Strombergs is expensive and you have no idea what you are getting until it gets to your house. I have wild types and blondes. I will see if I have any young ones for you. I sell mine for $10 each.


----------



## MaryOfExeter (Sep 30, 2007)

Also yes, you can have one for a while before you get the next one  Just when you do introduce them, don't stick them together right off the bat to avoid fighting.


----------



## MaryOfExeter (Sep 30, 2007)

I just checked and Strombergs has gone down quite a bit in the past several years. I still have my 2008 catalogue and plain white ringnecks were $75 per pair. Ivories were $115 per pair. I know show breeders who don't even sell their doves for that much. But at least now they are only $32.50 per bird....And their diamond doves used to be $80 per pair and up to $215 for the more rare colors. I can get the wild type ones for $30-40 per pair. It's just crazy. I didn't check to see how low they've dropped those now.

Anyway, I went outside to see what I have available, if you are interested. If not, I totally understand. I keep mine in a loft so they are not super tame but not bat crazy either. They are a little high strung at the moment due to hawks that often hang on the aviary. If you do decide you want one, two, or however many, I will put them in my breeding cages to work on calming them down to make taming more easy for you.

Here are 3 for sale. The middle one is a male and an earlier hatch from this year.








A young orange








Young blonde. The blonde pied on the left side is an older male from this year and also for sale.
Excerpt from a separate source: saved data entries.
lemma ps_mult_commute: "ps_mult d f g = ps_mult d g f"
proof (rule ext)
  fix m
  have "(\<Sum>a | a \<le> m. f a * g (m - a)) = (\<Sum>a | a \<le> m. g a * f (m - a))"
    by (rule sum.reindex_bij_witness[where i = "\<lambda>a. m - a" and j = "\<lambda>a. m - a"])
      (simp_all add: diff_diff_exp_cancel le_fun_def)
  thus "ps_mult d f g m = ps_mult d g f m" by (simp add: ps_mult_def)
qed

lemma ps_mult_apply_diff:
  assumes "m \<in> exps d" "b \<le> m"
  shows "ps_mult d g h (m - b) = (\<Sum>a | a \<le> m \<and> b \<le> a. g (a - b) * h (m - a))"
proof -
  have "(\<Sum>a | a \<le> m \<and> b \<le> a. g (a - b) * h (m - a)) = (\<Sum>c | c \<le> m - b. g c * h (m - b - c))"
  proof (rule sum.reindex_bij_witness[where i = "\<lambda>c. b + c" and j = "\<lambda>a. a - b"])
    fix a assume "a \<in> {a. a \<le> m \<and> b \<le> a}"
    hence am: "a \<le> m" and ba: "b \<le> a" by auto
    show "b + (a - b) = a" using ba by (rule le_add_diff_inverse_exp)
    show "a - b \<in> {c. c \<le> m - b}" using am by (simp add: le_fun_def diff_le_mono)
    show "g (a - b) * h (m - b - (a - b)) = g (a - b) * h (m - a)"
      using diff_diff_exp[OF ba am] by simp
  next
    fix c assume "c \<in> {c. c \<le> m - b}"
    thus "b + c - b = c" "b + c \<in> {a. a \<le> m \<and> b \<le> a}"
      using assms(2) by (auto simp: le_fun_def le_diff_conv2 add.commute)
  qed
  thus ?thesis by (simp add: ps_mult_apply[OF exps_diff[OF assms(1)]])
qed

lemma ps_mult_assoc: "ps_mult d (ps_mult d f g) h = ps_mult d f (ps_mult d g h)"
proof (rule ext)
  fix m
  show "ps_mult d (ps_mult d f g) h m = ps_mult d f (ps_mult d g h) m"
  proof (cases "m \<in> exps d")
    case False thus ?thesis by (simp add: ps_mult_def)
  next
    case m: True
    define A where "A = {a. a \<le> m}"
    have "ps_mult d (ps_mult d f g) h m = (\<Sum>a\<in>A. \<Sum>b | b \<in> A \<and> b \<le> a. f b * g (a - b) * h (m - a))"
    proof (unfold ps_mult_apply[OF m] A_def, rule sum.cong[OF refl])
      fix a assume "a \<in> {a. a \<le> m}"
      hence "a \<in> exps d" and "{b. b \<in> {a. a \<le> m} \<and> b \<le> a} = {b. b \<le> a}"
        using m exps_le order_trans by blast+
      thus "ps_mult d f g a * h (m - a) = (\<Sum>b | b \<in> {a. a \<le> m} \<and> b \<le> a. f b * g (a - b) * h (m - a))"
        by (simp add: ps_mult_apply sum_distrib_right)
    qed
    also have "\<dots> = (\<Sum>b\<in>A. \<Sum>a | a \<in> A \<and> b \<le> a. f b * g (a - b) * h (m - a))"
      using sum.swap_restrict[OF finite_exps_le[OF m] finite_exps_le[OF m]] by (simp add: A_def)
    also have "\<dots> = (\<Sum>b\<in>A. f b * ps_mult d g h (m - b))"
      by (rule sum.cong[OF refl])
        (simp add: A_def ps_mult_apply_diff[OF m] sum_distrib_left mult.assoc)
    also have "\<dots> = ps_mult d f (ps_mult d g h) m"
      by (simp add: ps_mult_apply[OF m] A_def)
    finally show ?thesis .
  qed
qed

lemma ps_mult_add_left: "ps_mult d (f + g) h = ps_mult d f h + ps_mult d g h"
  by (simp add: ps_mult_def fun_eq_iff sum.distrib distrib_right)

lemma ps_mult_monom_apply:
  "ps_mult d (ps_monom c) f m = (if m \<in> exps d \<and> c \<le> m then f (m - c) else 0)"
proof (cases "m \<in> exps d")
  case True
  have "(\<Sum>a | a \<le> m. ps_monom c a * f (m - a)) = (\<Sum>a | a \<le> m. if c = a then f (m - c) else 0)"
    by (rule sum.cong) (auto simp: ps_monom_def)
  thus ?thesis using True finite_exps_le[OF True] by (simp add: ps_mult_apply)
qed (simp add: ps_mult_def)

lemma ps_mult_one: "f \<in> carrier (PS d) \<Longrightarrow> ps_mult d (ps_monom 0) f = f"
  by (auto simp: fun_eq_iff ps_mult_monom_apply carrier_PS le_fun_def)

lemma ps_monom_mult_monom:
  assumes "a \<in> exps d" "b \<in> exps d" shows "ps_mult d (ps_monom a) (ps_monom b) = ps_monom (a + b)"
proof (rule ext)
  fix m
  have "m \<in> exps d" if "m = a + b" using that assms by (simp add: exps_add)
  moreover have "(a \<le> m \<and> m - a = b) \<longleftrightarrow> m = a + b"
    using le_add_diff_inverse_exp[of a m] by (auto simp: le_fun_def)
  ultimately show "ps_mult d (ps_monom a) (ps_monom b) m = ps_monom (a + b) m"
    unfolding ps_mult_monom_apply by (auto simp: ps_monom_def)
qed

definition ps_div_monom :: "nat \<Rightarrow> (nat \<Rightarrow> nat) \<Rightarrow> ('k::field) mps \<Rightarrow> 'k mps" where
  "ps_div_monom d c f = (\<lambda>m. if m \<in> exps d then f (m + c) else 0)"

lemma ps_div_monom_in_carrier: "ps_div_monom d c f \<in> carrier (PS d)"
  by (simp add: carrier_PS ps_div_monom_def)

lemma ps_mult_monom_div_monom:
  assumes "f \<in> carrier (PS d)" "\<And>a. f a \<noteq> 0 \<Longrightarrow> c \<le> a"
  shows "ps_mult d (ps_monom c) (ps_div_monom d c f) = f"
proof (rule ext)
  fix m
  show "ps_mult d (ps_monom c) (ps_div_monom d c f) m = f m"
  proof (cases "m \<in> exps d \<and> c \<le> m")
    case True thus ?thesis
      by (simp add: ps_mult_monom_apply ps_div_monom_def exps_diff le_add_diff_inverse2_exp)
  next
    case False thus ?thesis using assms by (auto simp: ps_mult_monom_apply carrier_PS)
  qed
qed

text \<open>The graded lexicographically least exponents of two nonzero power series add up to that
  of their product, so the power series ring is a domain.\<close>

lemma exists_glex_least_exp:
  assumes "f \<in> carrier (PS d)" "f \<noteq> 0"
  obtains m where "f m \<noteq> 0" "\<And>a. f a \<noteq> 0 \<Longrightarrow> a \<noteq> m \<Longrightarrow> glex_less d m a"
proof -
  obtain a0 where a0: "f a0 \<noteq> 0" using assms(2) by (auto simp: fun_eq_iff)
  define D where "D = (LEAST D. \<exists>a. f a \<noteq> 0 \<and> mdeg d a = D)"
  have "\<exists>a. f a \<noteq> 0 \<and> mdeg d a = D"
    unfolding D_def by (rule LeastI[of _ "mdeg d a0"]) (use a0 in blast)
  have D_le: "D \<le> mdeg d a" if "f a \<noteq> 0" for a
    unfolding D_def using that by (blast intro: Least_le)
  define M where "M = {a. f a \<noteq> 0 \<and> mdeg d a = D}"
  have "M \<subseteq> {a \<in> exps d. mdeg d a = D}" using assms(1) by (auto simp: M_def carrier_PS)
  hence "finite M" "M \<subseteq> exps d" using finite_exps_mdeg finite_subset by blast+
  moreover have "M \<noteq> {}" using \<open>\<exists>a. f a \<noteq> 0 \<and> mdeg d a = D\<close> by (simp add: M_def)
  ultimately obtain m where m: "m \<in> M" "\<forall>a\<in>M. a \<noteq> m \<longrightarrow> lex_less d m a"
    using exists_lex_least by blast
  have "glex_less d m a" if "f a \<noteq> 0" "a \<noteq> m" for a
    using m D_le[OF that(1)] that by (auto simp: glex_less_def M_def)
  moreover have "f m \<noteq> 0" using m(1) by (simp add: M_def)
  ultimately show thesis using that by blast
qed

lemma ps_mult_at_glex_least:
  assumes "f \<in> carrier (PS d)" "f ma \<noteq> 0" "\<And>a. f a \<noteq> 0 \<Longrightarrow> a \<noteq> ma \<Longrightarrow> glex_less d ma a"
    and "g \<in> carrier (PS d)" "g mb \<noteq> 0" "\<And>b. g b \<noteq> 0 \<Longrightarrow> b \<noteq> mb \<Longrightarrow> glex_less d mb b"
  shows "ps_mult d f g (ma + mb) = f ma * g mb"
proof -
  have m: "ma + mb \<in> exps d" using assms by (auto simp: carrier_PS intro: exps_add)
  have "f a * g (ma + mb - a) = 0" if "a \<le> ma + mb" "a \<noteq> ma" for a
  proof (rule ccontr)
    assume "f a * g (ma + mb - a) \<noteq> 0"
    hence fa: "f a \<noteq> 0" and gb: "g (ma + mb - a) \<noteq> 0" by auto
    have "glex_less d (ma + mb) (a + (ma + mb - a))"
      using glex_less_add[of a ma d "ma + mb - a" mb] assms(3,6) fa gb that(2) by blast
    thus False using le_add_diff_inverse_exp[OF that(1)] glex_less_irrefl by metis
  qed
  hence "(\<Sum>a | a \<le> ma + mb. f a * g (ma + mb - a)) = (\<Sum>a | a \<le> ma + mb. if a = ma then f ma * g mb else 0)"
    by (intro sum.cong) auto
  thus ?thesis using finite_exps_le[OF m] by (simp add: ps_mult_apply[OF m] le_fun_def)
qed

lemma ps_mult_nonzero:
  assumes "f \<in> carrier (PS d)" "f \<noteq> 0" "g \<in> carrier (PS d)" "g \<noteq> 0"
  shows "ps_mult d f g \<noteq> 0"
proof -
  obtain ma where "f ma \<noteq> 0" "\<And>a. f a \<noteq> 0 \<Longrightarrow> a \<noteq> ma \<Longrightarrow> glex_less d ma a"
    using exists_glex_least_exp[OF assms(1,2)] by blast
  moreover obtain mb where "g mb \<noteq> 0" "\<And>b. g b \<noteq> 0 \<Longrightarrow> b \<noteq> mb \<Longrightarrow> glex_less d mb b"
    using exists_glex_least_exp[OF assms(3,4)] by blast
  ultimately have "ps_mult d f g (ma + mb) \<noteq> 0"
    using ps_mult_at_glex_least[OF assms(1) _ _ assms(3)] by simp
  thus ?thesis by auto
qed

section \<open>The Veronese ring\<close>

lemma carrier_Veronese:
  "carrier (Veronese d n) = {f \<in> carrier (PS d). \<forall>a. f a \<noteq> 0 \<longrightarrow> n dvd mdeg d a}"
  by (simp add: Veronese_def)

lemma mult_Veronese: "f \<otimes>\<^bsub>Veronese d n\<^esub> g = ps_mult d f g"
  by (simp add: Veronese_def mult_PS)

lemma add_Veronese: "f \<oplus>\<^bsub>Veronese d n\<^esub> g = f + g"
  by (simp add: Veronese_def add_PS)

lemma zero_Veronese: "\<zero>\<^bsub>Veronese d n\<^esub> = 0"
  by (simp add: Veronese_def zero_PS)

lemma one_Veronese: "\<one>\<^bsub>Veronese d n\<^esub> = ps_monom 0"
  by (simp add: Veronese_def one_PS)

lemma ps_mult_in_Veronese:
  assumes "f \<in> carrier (Veronese d n)" "g \<in> carrier (Veronese d n)"
  shows "ps_mult d f g \<in> carrier (Veronese d n)"
proof -
  have "n dvd mdeg d m" if "ps_mult d f g m \<noteq> 0" for m
  proof -
    obtain a where "a \<le> m" "f a \<noteq> 0" "g (m - a) \<noteq> 0"
      using ps_mult_nonzeroE[OF \<open>ps_mult d f g m \<noteq> 0\<close>] by blast
    thus ?thesis using assms by (auto simp: carrier_Veronese mdeg_diff[of a m])
  qed
  thus ?thesis by (simp add: carrier_Veronese ps_mult_in_carrier)
qed

lemma ps_monom_in_Veronese: "c \<in> exps d \<Longrightarrow> n dvd mdeg d c \<Longrightarrow> ps_monom c \<in> carrier (Veronese d n)"
  by (simp add: carrier_Veronese ps_monom_in_carrier) (simp add: ps_monom_def)

lemma cring_Veronese: "cring (Veronese d n :: ('k::field) mps ring)"
proof (rule cringI)
  show "abelian_group (Veronese d n :: 'k mps ring)"
  proof (rule abelian_groupI, unfold add_Veronese zero_Veronese)
    fix x y :: "'k mps"
    assume "x \<in> carrier (Veronese d n)" "y \<in> carrier (Veronese d n)"
    thus "x + y \<in> carrier (Veronese d n)"
      by (auto simp: carrier_Veronese carrier_PS) (metis add.right_neutral)
  next
    show "0 \<in> carrier (Veronese d n :: 'k mps ring)" by (simp add: carrier_Veronese carrier_PS)
  next
    fix x y z :: "'k mps"
    show "x + y + z = x + (y + z)" by (rule add.assoc)
    show "x + y = y + x" by (rule add.commute)
    show "0 + x = x" by (rule add_0)
  next
    fix x :: "'k mps" assume "x \<in> carrier (Veronese d n)"
    hence "- x \<in> carrier (Veronese d n)" by (simp add: carrier_Veronese carrier_PS)
    thus "\<exists>y\<in>carrier (Veronese d n). y + x = 0" by (intro bexI[of _ "- x"]) simp_all
  qed
next
  show "comm_monoid (Veronese d n :: 'k mps ring)"
  proof (rule comm_monoidI, unfold mult_Veronese one_Veronese)
    fix x y z :: "'k mps"
    assume "x \<in> carrier (Veronese d n)" "y \<in> carrier (Veronese d n)"
    thus "ps_mult d x y \<in> carrier (Veronese d n)" by (rule ps_mult_in_Veronese)
    show "ps_mult d (ps_mult d x y) z = ps_mult d x (ps_mult d y z)" by (rule ps_mult_assoc)
    show "ps_mult d x y = ps_mult d y x" by (rule ps_mult_commute)
  next
    show "ps_monom 0 \<in> carrier (Veronese d n :: 'k mps ring)"
      by (rule ps_monom_in_Veronese) (simp_all add: exps_def mdeg_def)
  next
    fix x :: "'k mps" assume "x \<in> carrier (Veronese d n)"
    thus "ps_mult d (ps_monom 0) x = x" by (simp add: carrier_Veronese ps_mult_one)
  qed
qed (simp add: mult_Veronese add_Veronese ps_mult_add_left)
Brother to the middle bird in the first picture....I think. They both look the same and are both males. I can't remember which one this is now LOL











I have no idea if there are any hens. I only know the 3 older hatches are males. The rest are only a few months old.


----------



## shadowdove23 (Jun 27, 2012)

Well, I am only interested in the wild colored ones, as mentioned above, and it looks like you have at least one. Do you band yours? PM me about ALL of the details, and I will get back to you.


----------



## shadowdove23 (Jun 27, 2012)

I also want to stress, as mentioned above, that the core of this question is simply should I purchase one bird, or two. I would love for them to be tame, but unfortunately that doesn't sound easy for a pair of birds, compared to a single one, but my concern is the lack of time to spend around he/she. I would have about 4-6 hours a day, depending on the day. Breeding sounds like an amazing idea, and a dream of mine, but perhaps one would be best for now.


----------



## Shadowringneck23 (Jul 5, 2012)

*Breeding and Companionship*

I would recommend you purchase a single male so that you do not have to worry about the removal of infertile eggs. You should become better experienced with Ringneck Doves before trying to breed them.


----------